My own teen, for instance, has shown an incredible aptitude and focus for horses and horse riding. This began the moment she met her first horse and has only grown stronger since then. She balances her time maneuvering through riding her beloved pony and the daily responsibilities of school and life. So far, it’s going well, and she impresses me daily with her ability to take care of it all. Then I find a pile of dirty dishes and a mound of empty berry containers in her bedroom amongst a sea of mostly dirty clothes thrown about the floor (mostly because there are plenty of discarded clean clothes, too).

As a mom who was once a teenage girl, independence and self-confidence are something I hold sacred. It’s been one of my main focuses as a parent.

Research has shown that girls actively form their identities during the tween/early teen years. Encouraging them to explore their interests and passions, like my daughter's love of horses, helps them define who they are and what they stand for. 

Girls also become more attuned to social comparisons around this age. By nurturing their self-confidence, we help them focus on their unique strengths and talents rather than getting caught up in unhealthy competition or comparison.

By allowing our daughters to make decisions and learn from their experiences, we're helping them develop vital emotional regulation skills that will serve them well throughout their lives.

As peer relationships become increasingly important, helping our girls build confidence empowers them to make positive choices in friendships and social interactions, leading to healthier relationships. While today’s friendships might be filled with joy and despair, she’s learning what feels right and doesn’t fit for building future relationships.

Teens are also wired to take risks as they learn about themselves and the world. Encouraging calculated risks, like pursuing passions and facing challenges head-on, helps them develop resilience and adaptability. As a passion, horses have their inherent risk, but so does navigating friendships, trying new interests, going out on their own, or even contributing in class or styling their hair differently.

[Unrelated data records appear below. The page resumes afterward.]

(* Let $\Omega\subseteq\mathbb{R}^d$ be a nonempty open convex set and let $F:\Omega\to\mathbb{R}$ be a function of Legendre type, with Bregman divergence $D_F$. Then for every $q\in\Omega$ and every $r\ge 0$, both the primal Bregman ball $B_F(q;r)=\{y\in\Omega: D_F(q\|y)\le r\}$ and the dual Bregman ball $B'_F(q;r)=\{y\in\Omega: D_F(y\|q)\le r\}$ are connected subsets of $\mathbb{R}^d$.
   Context: A function $F:\Omega\to\mathbb{R}$ on a nonempty open convex set $\Omega\subseteq\mathbb{R}^d$ is of Legendre type if (I) it is differentiable, (II) it is strictly convex, and (III) if the boundary $\partial\Omega$ is nonempty, then $\|\nabla F(x)\|\to\infty$ as $x\to\partial\Omega$. The Bregman divergence generated by $F$ is $D_F:\Omega\times\Omega\to\mathbb{R}$, $D_F(x\|y)=F(x)-F(y)-\langle\nabla F(y),x-y\rangle$. *)

theory Defs
  imports "HOL-Analysis.Analysis"
begin

definition strictly_convex_on :: "'a::real_vector set \<Rightarrow> ('a \<Rightarrow> real) \<Rightarrow> bool" where
  "strictly_convex_on S f \<longleftrightarrow>
     (\<forall>x\<in>S. \<forall>y\<in>S. x \<noteq> y \<longrightarrow> (\<forall>t::real. 0 < t \<and> t < 1 \<longrightarrow>
        f ((1 - t) *\<^sub>R x + t *\<^sub>R y) < (1 - t) * f x + t * f y))"

definition grad :: "('a::euclidean_space \<Rightarrow> real) \<Rightarrow> 'a \<Rightarrow> 'a" where
  "grad F x = (THE g. (F has_derivative (\<lambda>h. g \<bullet> h)) (at x))"

definition legendre_type :: "'a::euclidean_space set \<Rightarrow> ('a \<Rightarrow> real) \<Rightarrow> bool" where
  "legendre_type \<Omega> F \<longleftrightarrow>
     (\<forall>x\<in>\<Omega>. F differentiable (at x)) \<and>
     strictly_convex_on \<Omega> F \<and>
     (frontier \<Omega> \<noteq> {} \<longrightarrow>
        (\<forall>z\<in>frontier \<Omega>. filterlim (\<lambda>x. norm (grad F x)) at_top (at z within \<Omega>)))"

definition bregman :: "('a::euclidean_space \<Rightarrow> real) \<Rightarrow> 'a \<Rightarrow> 'a \<Rightarrow> real" where
  "bregman F x y = F x - F y - grad F y \<bullet> (x - y)"

end

theory Submission
  imports Defs
begin

text \<open>
  The dual ball is a sublevel set of
  \<open>x \<mapsto> D\<^sub>F(x\<parallel>q)\<close>, which is \<open>F\<close> minus an affine function and hence convex.  The primal ball is
  star-shaped about \<open>q\<close>: for \<open>z\<close> on the segment from \<open>q\<close> to \<open>y\<close>, monotonicity of the gradient
  along that segment gives \<open>D\<^sub>F(q\<parallel>z) \<le> D\<^sub>F(q\<parallel>y)\<close>.
\<close>

lemma has_derivative_grad:
  fixes F :: "'a::euclidean_space \<Rightarrow> real"
  assumes "F differentiable (at x)"
  shows "(F has_derivative (\<lambda>h. grad F x \<bullet> h)) (at x)"
proof -
  obtain D where D: "(F has_derivative D) (at x)"
    using assms unfolding differentiable_def by blast
  define g where "g = adjoint D 1"
  have "D = (\<lambda>h. g \<bullet> h)"
    using adjoint_works[OF has_derivative_linear[OF D]] by (auto simp: g_def inner_commute)
  with D have Dg: "(F has_derivative (\<lambda>h. g \<bullet> h)) (at x)"
    by simp
  have "g' = g" if "(F has_derivative (\<lambda>h. g' \<bullet> h)) (at x)" for g'
    using has_derivative_unique[OF Dg that] vector_eq_rdot by metis
  then have "grad F x = g"
    unfolding grad_def using Dg by (rule the_equality[rotated])
  with Dg show ?thesis
    by simp
qed

lemma strictly_convex_on_imp_convex_on:
  assumes "strictly_convex_on S F" "convex S"
  shows "convex_on S F"
proof (rule convex_onI[OF _ assms(2)])
  fix t x y assume "(0::real) < t" "t < 1" "x \<in> S" "y \<in> S"
  with assms(1) show "F ((1 - t) *\<^sub>R x + t *\<^sub>R y) \<le> (1 - t) * F x + t * F y"
    unfolding strictly_convex_on_def
    by (cases "x = y") (auto simp: scaleR_collapse algebra_simps less_imp_le)
qed

lemma convex_on_above_tangent:
  fixes F :: "'a::real_normed_vector \<Rightarrow> real"
  assumes "convex_on S F" "x \<in> S" "y \<in> S" "(F has_derivative F') (at x within S)"
  shows "F' (y - x) \<le> F y - F x"
proof -
  define h where "h t = F (x + t *\<^sub>R (y - x))" for t :: real
  have segment: "x + t *\<^sub>R (y - x) \<in> S" if "t \<in> {0..1}" for t
    using convex_onD[OF assms(1), of t x y] that assms(2,3) convex_on_imp_convex[OF assms(1)]
    by (auto simp: algebra_simps convex_alt)
  have "((\<lambda>t. x + t *\<^sub>R (y - x)) has_derivative (\<lambda>t. t *\<^sub>R (y - x))) (at 0 within {0..1})"
    by (auto intro!: derivative_eq_intros)
  moreover have "(F has_derivative F') (at (x + 0 *\<^sub>R (y - x)) within (\<lambda>t. x + t *\<^sub>R (y - x)) ` {0..1})"
    using assms(4) segment by (auto intro: has_derivative_subset)
  ultimately have "(h has_derivative (\<lambda>t. F' (t *\<^sub>R (y - x)))) (at 0 within {0..1})"
    unfolding h_def by (rule has_derivative_in_compose)
  moreover have "F' (t *\<^sub>R (y - x)) = F' (y - x) * t" for t
    using linear.scaleR[OF has_derivative_linear[OF assms(4)]] by simp
  ultimately have "(h has_field_derivative F' (y - x)) (at 0 within {0..1})"
    by (simp add: has_field_derivative_def)
  then have lim: "((\<lambda>t. (h t - h 0) / t) \<longlongrightarrow> F' (y - x)) (at_right 0)"
    by (simp add: has_field_derivative_iff at_within_Icc_at_right)
  have "(h t - h 0) / t \<le> F y - F x" if "t \<in> {0<..<1}" for t
  proof -
    have "h t - h 0 \<le> (F y - F x) * t"
      using convex_onD[OF assms(1), of t x y] that assms(2,3) by (simp add: h_def algebra_simps)
    with that show ?thesis
      by (simp add: pos_divide_le_eq)
  qed
  then have "\<forall>\<^sub>F t in at_right 0. (h t - h 0) / t \<le> F y - F x"
    using eventually_at_right_real[of 0 1] by (auto elim: eventually_mono)
  with lim show ?thesis
    by (rule tendsto_upperbound) simp
qed

lemma bregman_nonneg:
  fixes F :: "'a::euclidean_space \<Rightarrow> real"
  assumes "convex_on S F" "x \<in> S" "y \<in> S" "F differentiable (at y)"
  shows "0 \<le> bregman F x y"
  using convex_on_above_tangent[OF assms(1,3,2) has_derivative_at_withinI[OF has_derivative_grad[OF assms(4)]]]
  by (simp add: bregman_def)

lemma bregman_le_on_segment:
  fixes F :: "'a::euclidean_space \<Rightarrow> real"
  assumes "convex_on S F" "\<forall>x\<in>S. F differentiable (at x)"
    and "q \<in> S" "y \<in> S" "z \<in> closed_segment q y"
  shows "bregman F q z \<le> bregman F q y"
proof -
  obtain s where s: "0 \<le> s" "s \<le> 1" and z_def: "z = (1 - s) *\<^sub>R q + s *\<^sub>R y"
    using assms(5) unfolding closed_segment_def by blast
  have "z \<in> S"
    using assms(3-5) convex_on_imp_convex[OF assms(1)] closed_segment_subset by blast
  show ?thesis
  proof (cases "s = 1")
    case True
    then show ?thesis by (simp add: z_def)
  next
    case False
    define w where "w = q - y"
    have zy: "z - y = (1 - s) *\<^sub>R w" and yz: "y - z = - ((1 - s) *\<^sub>R w)"
      and qz: "q - z = s *\<^sub>R w"
      by (simp_all add: z_def w_def algebra_simps)
    have "0 \<le> bregman F z y" "0 \<le> bregman F y z"
      using bregman_nonneg[OF assms(1)] assms(2,4) \<open>z \<in> S\<close> by auto
    then have zy_tangent: "(1 - s) * (grad F y \<bullet> w) \<le> F z - F y"
      and yz_tangent: "F z - F y \<le> (1 - s) * (grad F z \<bullet> w)"
      by (simp_all add: bregman_def zy yz)
    have "s * (grad F y \<bullet> w) \<le> s * (grad F z \<bullet> w)"
      using order_trans[OF zy_tangent yz_tangent] s False by (simp add: mult_left_mono)
    with zy_tangent show ?thesis
      by (simp add: bregman_def qz w_def[symmetric] algebra_simps)
  qed
qed

lemma starlike_bregman_ball:
  fixes F :: "'a::euclidean_space \<Rightarrow> real"
  assumes "convex_on S F" "\<forall>x\<in>S. F differentiable (at x)" "q \<in> S" "0 \<le> r"
  shows "starlike {y \<in> S. bregman F q y \<le> r}"
  unfolding starlike_def
proof (intro bexI ballI subsetI)
  show "q \<in> {y \<in> S. bregman F q y \<le> r}"
    using assms(3,4) by (simp add: bregman_def)
  fix y z assume y: "y \<in> {y \<in> S. bregman F q y \<le> r}" and z: "z \<in> closed_segment q y"
  then have "z \<in> S"
    using assms(3) convex_on_imp_convex[OF assms(1)] closed_segment_subset by blast
  moreover have "bregman F q z \<le> r"
    using bregman_le_on_segment[OF assms(1-3) _ z] y by fastforce
  ultimately show "z \<in> {y \<in> S. bregman F q y \<le> r}"
    by simp
qed

lemma convex_on_sublevel_set:
  assumes "convex_on S f"
  shows "convex {x \<in> S. f x \<le> r}"
proof (rule convexI)
  fix x y and u v :: real
  assume x: "x \<in> {x \<in> S. f x \<le> r}" and y: "y \<in> {x \<in> S. f x \<le> r}"
    and uv: "0 \<le> u" "0 \<le> v" "u + v = 1"
  then have "f (u *\<^sub>R x + v *\<^sub>R y) \<le> u * f x + v * f y"
    using assms unfolding convex_on_def by blast
  also have "\<dots> \<le> u * r + v * r"
    using x y uv by (intro add_mono mult_left_mono) auto
  finally show "u *\<^sub>R x + v *\<^sub>R y \<in> {x \<in> S. f x \<le> r}"
    using x y uv convexD[OF convex_on_imp_convex[OF assms]] by (simp flip: distrib_right)
qed

lemma convex_on_bregman_first:
  fixes F :: "'a::euclidean_space \<Rightarrow> real"
  assumes "convex_on S F"
  shows "convex_on S (\<lambda>x. bregman F x q)"
proof -
  have "convex_on S (\<lambda>x. grad F q \<bullet> (q - x) - F q)"
    by (rule convex_onI[OF _ convex_on_imp_convex[OF assms]])
      (simp add: inner_diff_right algebra_simps)
  from convex_on_add[OF assms this] show ?thesis
    by (simp add: bregman_def inner_diff_right algebra_simps)
qed

theorem lemma2:
  fixes \<Omega> :: "'a::euclidean_space set" and F :: "'a \<Rightarrow> real" and q :: 'a and r :: real
  assumes "open \<Omega>" and "convex \<Omega>" and "\<Omega> \<noteq> {}"
    and "legendre_type \<Omega> F"
    and "q \<in> \<Omega>" and "r \<ge> 0"
  shows "connected {y \<in> \<Omega>. bregman F q y \<le> r} \<and> connected {y \<in> \<Omega>. bregman F y q \<le> r}"
proof
  have differentiable: "\<forall>x\<in>\<Omega>. F differentiable (at x)"
    and convex: "convex_on \<Omega> F"
    using assms(2,4) strictly_convex_on_imp_convex_on unfolding legendre_type_def by blast+
  show "connected {y \<in> \<Omega>. bregman F q y \<le> r}"
    using starlike_bregman_ball[OF convex differentiable assms(5,6)] by (rule starlike_imp_connected)
  show "connected {y \<in> \<Omega>. bregman F y q \<le> r}"
    using convex_on_sublevel_set[OF convex_on_bregman_first[OF convex]] by (rule convex_connected)
qed

end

As girls start to test the waters of independence, it's essential to let them make decisions – and mistakes – while still providing a safety net. Learning from failures is a key ingredient in building that unshakable confidence. Speaking of resilience, I often share my own stories of accomplishments and failures I’ve overcome, letting her know that even the ones she loves and looks to for support have had similar challenges throughout life. 

So, how do we foster confidence in our daughters? It's all about being that steadfast anchor amidst the changing tides. For my daughter, we talk about her latest horseback achievements, and I listen to the real stresses of her everyday life. I encourage open communication by creating an environment where she feels comfortable sharing her adventures, heartbreaks, and everything in between. That doesn’t mean I get to hear it all. We’ve also built a wonderfully supportive group of family and friends, and she has a few adults at school she knows she can trust. I am happy to know she shares different things with different people, but I also know she has a secret world all to herself.

To my fellow parents navigating the middle school adventure, you're not alone! Sometimes, we all need a reminder that we're in this together, stumbling through the maze and doing our best. So, here's to the chaos, the challenges, and the absolute joy of raising a girl and middle schooler.

Cheers to the journey!

For the tutus, ningnings, and nightly doops, I am forever grateful. And I miss that fedora!